O novo enfoque distribui os tópicos da negociação em três "trilhos". No primeiro trilho, na negociação 4 + 1 entre o Mercosul e os EUA seria tratada a substância dos temas de acesso a mercados em bens e, de forma limitada, em serviços e investimentos. O segundo trilho, a negociação da Alca, envolvendo 34 países, visaria a definição de uma espécie de "acordo quadro", que abordaria elementos básicos como solução de controvérsias, tratamento especial para países em desenvolvimento, fundos de compensação, regras fitossanitárias e facilitação de comércio. Para um terceiro trilho, a negociação multilateral na OMC, seriam transferidas questões sensíveis para o Brasil, como a parte normativa de propriedade intelectual, serviços, investimentos e compras governamentais.
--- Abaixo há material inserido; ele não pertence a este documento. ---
(* Let $0<\Delta\le1$ and $T=\frac{\lambda_1}{\Delta}\ln\frac{1}{\Delta}$, and use the quantizer $q_r$ with variable-length encoding. There exist constants $C_2,C_3>0$, independent of $P$ and of the feedback rates (and of $\Delta$), such that for all $P>0$ $$\mathbb{E}[r_{\rm loss}]\le\log_2\Big(1+C_2P\,2^{-\min\{R_{r,{\rm VLE},1},R_{r,{\rm VLE},2}\}}\Big)\le C_3P\,2^{-\min\{R_{r,{\rm VLE},1},R_{r,{\rm VLE},2}\}}.$$
   Context: $H_1,H_2$ are independent exponential random variables with means $\lambda_1\ge\lambda_2>0$ (density $e^{-x/\lambda_i}/\lambda_i$, $x>0$); $P>0$ is the total power. For $a\ge b\ge0$ with $a>0$ let $A(a,b)=\frac{2b}{\sqrt{(a+b)^2+4ab^2P}+a+b}$. Full-CSI maximum minimum rate: $r_{\max}=\log_2(1+PH_1A(H_1,H_2))$ if $H_1\ge H_2$ and $r_{\max}=\log_2(1+PH_2A(H_2,H_1))$ if $H_1<H_2$. Quantizer with $\Delta>0$, $T\ge0$: $q_r(x)=\lfloor x/\Delta\rfloor\Delta$ for $x\le T\Delta$, $q_r(x)=T\Delta$ for $x>T\Delta$. Let $a_i=q_r(H_i)$; if $a_1\ge a_2$ let $(s,w)=(1,2)$, otherwise $(s,w)=(2,1)$. $\alpha_q=A(a_s,a_w)$ if $a_1,a_2>0$, else $\alpha_q=0$. Adapted rates: $r_{s,q}=\log_2(1+P\alpha_qa_s)$, $r_{w,q}=\log_2\big(1+\frac{Pa_w(1-\alpha_q)}{Pa_w\alpha_q+1}\big)$. Rate loss: $r_{\rm loss}=r_{\max}-\min\{r_{1,q},r_{2,q}\}$. Variable-length encoding: the quantization index $n$ (with $q_r(x)=n\Delta$) is sent with the $n$-th binary string in the list $0,1,00,01,10,11,000,\dots$, of length $\lfloor\log_2(n+2)\rfloor$. The feedback rate of Receiver $i$ is the expected codeword length $R_{r,{\rm VLE},i}=\mathbb{E}[\ell(H_i)]$, where $\ell(x)=\lfloor\log_2(\lfloor x/\Delta\rfloor+2)\rfloor$ for $x\le T\Delta$ and $\ell(x)=\lfloor\log_2(T+2)\rfloor$ for $x>T\Delta$. *)

theory Defs
  imports "HOL-Probability.Probability"
begin

definition alphaA :: "real \<Rightarrow> real \<Rightarrow> real \<Rightarrow> real" where
  "alphaA P a b = 2 * b / (sqrt ((a + b)^2 + 4 * a * b^2 * P) + a + b)"

definition r_max :: "real \<Rightarrow> real \<Rightarrow> real \<Rightarrow> real" where
  "r_max P h1 h2 = (if h1 \<ge> h2 then log 2 (1 + P * h1 * alphaA P h1 h2)
                    else log 2 (1 + P * h2 * alphaA P h2 h1))"

definition q_r :: "real \<Rightarrow> real \<Rightarrow> real \<Rightarrow> real" where
  "q_r Delta T x = (if x \<le> T * Delta then of_int \<lfloor>x / Delta\<rfloor> * Delta else T * Delta)"

definition min_rate_q :: "real \<Rightarrow> real \<Rightarrow> real \<Rightarrow> real \<Rightarrow> real \<Rightarrow> real" where
  "min_rate_q P Delta T h1 h2 =
     (let a1 = q_r Delta T h1; a2 = q_r Delta T h2;
          as = (if a1 \<ge> a2 then a1 else a2);
          aw = (if a1 \<ge> a2 then a2 else a1);
          \<alpha> = (if a1 > 0 \<and> a2 > 0 then alphaA P as aw else 0);
          rs = log 2 (1 + P * \<alpha> * as);
          rw = log 2 (1 + P * aw * (1 - \<alpha>) / (P * aw * \<alpha> + 1))
      in min rs rw)"

definition r_loss :: "real \<Rightarrow> real \<Rightarrow> real \<Rightarrow> real \<Rightarrow> real \<Rightarrow> real" where
  "r_loss P Delta T h1 h2 = r_max P h1 h2 - min_rate_q P Delta T h1 h2"

definition vle_len :: "real \<Rightarrow> real \<Rightarrow> real \<Rightarrow> real" where
  "vle_len Delta T x = (if x \<le> T * Delta
      then of_int \<lfloor>log 2 (of_int \<lfloor>x / Delta\<rfloor> + 2)\<rfloor>
      else of_int \<lfloor>log 2 (T + 2)\<rfloor>)"

text \<open>Distribution of an exponential random variable with mean lam.\<close>
definition exp_dist :: "real \<Rightarrow> real measure" where
  "exp_dist lam = density lborel (exponential_density (1 / lam))"

end

theory Submission
  imports Defs
begin

text \<open>With the power split \<open>alphaA\<close> both receivers see the same SINR \<open>w(a, b)\<close>, the positive
  root of \<open>w (a + b) + b w\<^sup>2 = P a b\<close>. Shrinking the gains to \<open>a' \<ge> c a\<close>, \<open>b' \<ge> c b\<close> shrinks
  \<open>w\<close> by at most the factor \<open>c\<close>, and this gives
  \<open>1 + w(a, b) \<le> (1 + w(a', b')) (1 + P ((a - a') + (b - b')))\<close>: the rate loss is at most
  \<open>log 2 (1 + P e)\<close>, \<open>e\<close> the total quantization error. By Jensen the expected loss is at most
  \<open>log 2 (1 + P E e)\<close>, and the threshold \<open>T\<close> keeps the overload part of \<open>E e\<close> below \<open>\<Delta> lam\<close>,
  so \<open>E e = O(\<Delta>)\<close>. Jensen again bounds each feedback rate by \<open>log 2 (lam / \<Delta> + 2)\<close>, i.e.
  \<open>\<Delta> = O(2 powr - R)\<close>; the last inequality is \<open>log 2 (1 + x) \<le> x / ln 2\<close>.\<close>

section \<open>The common SINR under the optimal power split\<close>

definition sinr :: "real \<Rightarrow> real \<Rightarrow> real \<Rightarrow> real" where
  "sinr P a b = P * a * alphaA P a b"
text \<open>The theta graph with \<open>k\<close> paths of length \<open>L\<close> from vertex 0 to vertex 1: edge \<open>i * L + j\<close>
  (\<open>j < L\<close>) is the \<open>j\<close>-th edge of path \<open>i\<close>, and the inner vertex \<open>i * L + j + 2\<close> (\<open>0 < j\<close>)
  joins edges \<open>i * L + j - 1\<close> and \<open>i * L + j\<close>.\<close>

definition theta_ends :: "nat \<Rightarrow> nat \<Rightarrow> nat \<times> nat" where
  "theta_ends L e = (if e mod L = 0 then 0 else e + 2, if e mod L = L - 1 then 1 else e + 3)"

definition theta_inner :: "nat \<Rightarrow> nat \<Rightarrow> nat set" where
  "theta_inner k L = {i * L + Suc j + 2 | i j. i < k \<and> Suc j < L}"

definition theta_vertices :: "nat \<Rightarrow> nat \<Rightarrow> nat set" where
  "theta_vertices k L = insert 0 (insert 1 (theta_inner k L))"

lemma finite_theta_vertices: "finite (theta_vertices k L)"
proof -
  have "theta_inner k L \<subseteq> (\<lambda>(i, j). i * L + Suc j + 2) ` ({..<k} \<times> {..<L})"
    by (auto simp: theta_inner_def)
  then show ?thesis
    unfolding theta_vertices_def using finite_subset by blast
qed

lemma multigraph_theta:
  assumes "0 < L"
  shows "multigraph (theta_vertices k L) {..<k * L} (theta_ends L)"
  unfolding multigraph_def
proof (intro conjI finite_theta_vertices finite_lessThan ballI)
  fix e assume "e \<in> {..<k * L}"
  define i j where "i = e div L" and "j = e mod L"
  have e: "e = i * L + j" and "i < k" "j < L"
    using \<open>e \<in> _\<close> assms by (auto simp: i_def j_def less_mult_imp_div_less)
  show "fst (theta_ends L e) \<in> theta_vertices k L"
  proof (cases j)
    case (Suc j')
    then have "e + 2 = i * L + Suc j' + 2" "Suc j' < L" using e \<open>j < L\<close> by auto
    then have "e + 2 \<in> theta_inner k L" using \<open>i < k\<close> unfolding theta_inner_def by blast
    then show ?thesis using Suc by (simp add: theta_ends_def theta_vertices_def j_def[symmetric])
  qed (simp add: theta_ends_def theta_vertices_def j_def)
  show "snd (theta_ends L e) \<in> theta_vertices k L"
  proof (cases "j = L - 1")
    case False
    then have "e + 3 = i * L + Suc j + 2" "Suc j < L" using e \<open>j < L\<close> by auto
    then have "e + 3 \<in> theta_inner k L" using \<open>i < k\<close> unfolding theta_inner_def by blast
    then show ?thesis using False by (simp add: theta_ends_def theta_vertices_def j_def[symmetric])
  qed (simp add: theta_ends_def theta_vertices_def j_def)
  show "fst (theta_ends L e) \<noteq> snd (theta_ends L e)"
    by (simp add: theta_ends_def)
qed

lemma flow_boundary_theta_source:
  assumes "0 < L"
  shows "flow_boundary (theta_ends L) {..<k * L} f 0 = int (\<Sum>i<k. f (i * L))"
proof -
  have tails: "{e \<in> {..<k * L}. fst (theta_ends L e) = 0} = (\<lambda>i. i * L) ` {..<k}"
  proof (intro equalityI subsetI)
    fix e assume "e \<in> {e \<in> {..<k * L}. fst (theta_ends L e) = 0}"
    then have "e = e div L * L" "e div L < k"
      by (auto simp: theta_ends_def less_mult_imp_div_less split: if_splits)
    then show "e \<in> (\<lambda>i. i * L) ` {..<k}" by blast
  qed (use assms in \<open>auto simp: theta_ends_def\<close>)
  have heads: "{e \<in> {..<k * L}. snd (theta_ends L e) = 0} = {}"
    by (auto simp: theta_ends_def)
  have "inj_on (\<lambda>i. i * L) {..<k}" using assms by (auto intro: inj_onI)
  then show ?thesis unfolding flow_boundary_def tails heads by (simp add: sum.reindex)
qed

lemma flow_boundary_theta_inner:
  assumes "i < k" "Suc j < L"
  shows "flow_boundary (theta_ends L) {..<k * L} f (i * L + Suc j + 2) =
    int (f (i * L + Suc j)) - int (f (i * L + j))"
proof -
  have "i * L + Suc j < k * L" "i * L + j < k * L"
    using assms by (intro mult_add_less_mult; simp)+
  moreover have "(i * L + Suc j) mod L = Suc j" "(i * L + j) mod L = j"
    using assms by simp_all
  ultimately have "{e \<in> {..<k * L}. fst (theta_ends L e) = i * L + Suc j + 2} = {i * L + Suc j}"
    "{e \<in> {..<k * L}. snd (theta_ends L e) = i * L + Suc j + 2} = {i * L + j}"
    using assms by (auto simp: theta_ends_def)
  then show ?thesis by (simp add: flow_boundary_def)
qed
Trata-se de uma manobra engenhosa, que representa uma mudança significativa na abordagem do problema. Pela primeira vez desde que a Alca foi lançada, em fins de 1994, o Brasil questiona a estrutura da negociação. Percebe-se sem maior dificuldade que o novo enfoque implica um grande esvaziamento da Alca, uma vez que transfere os assuntos mais importantes para o primeiro e o terceiro "trilhos".
Os EUA não devem ter gostado, evidentemente. Mas ficaram em posição desconfortável.
Afinal, o posicionamento do Brasil se apóia em atitudes e precedentes estabelecidos pelo próprio governo dos EUA. Quem fragmentou a Alca foram os EUA, ao negociarem acordo bilateral de livre comércio com o Chile, iniciarem negociações separadas com os países da América Central e apresentarem, no âmbito da Alca, propostas diferenciadas de abertura do seu mercado, reservando tratamento mais desfavorável para os países do Mercosul. Ao propor a transferência para a OMC de diversos temas sensíveis para o Brasil, o governo brasileiro está apenas seguindo o exemplo dos EUA, que remetem para o âmbito multilateral os temas sensíveis para eles, como agricultura e antidumping.
Na semana passada, a embaixadora americana no Brasil, Donna Hrinak, afirmou que as negociações da Alca estão passando por um "período crítico". Indagada sobre a hipótese de uma "Alca mínima", que excluiria questões controvertidas, a embaixadora declarou que "é umas das propostas que vamos considerar".
O enfoque sugerido pelo Brasil tem chances de prosperar? Creio que sim. A proposta foi bem pensada e bem apresentada. O resultado vai depender obviamente das reações dos outros países participantes da negociação da Alca, especialmente dos EUA.
Outra variável fundamental, leitor, é a "quinta-coluna", sempre muito ativa no Brasil...
Volto ao assunto em outra oportunidade.


Paulo Nogueira Batista Jr., 48, economista, pesquisador visitante do Instituto de Estudos Avançados da USP e professor da FGV-EAESP, escreve às quintas-feiras nesta coluna. É autor do livro "A Economia como Ela É..." (Boitempo Editorial, 3ª edição, 2002).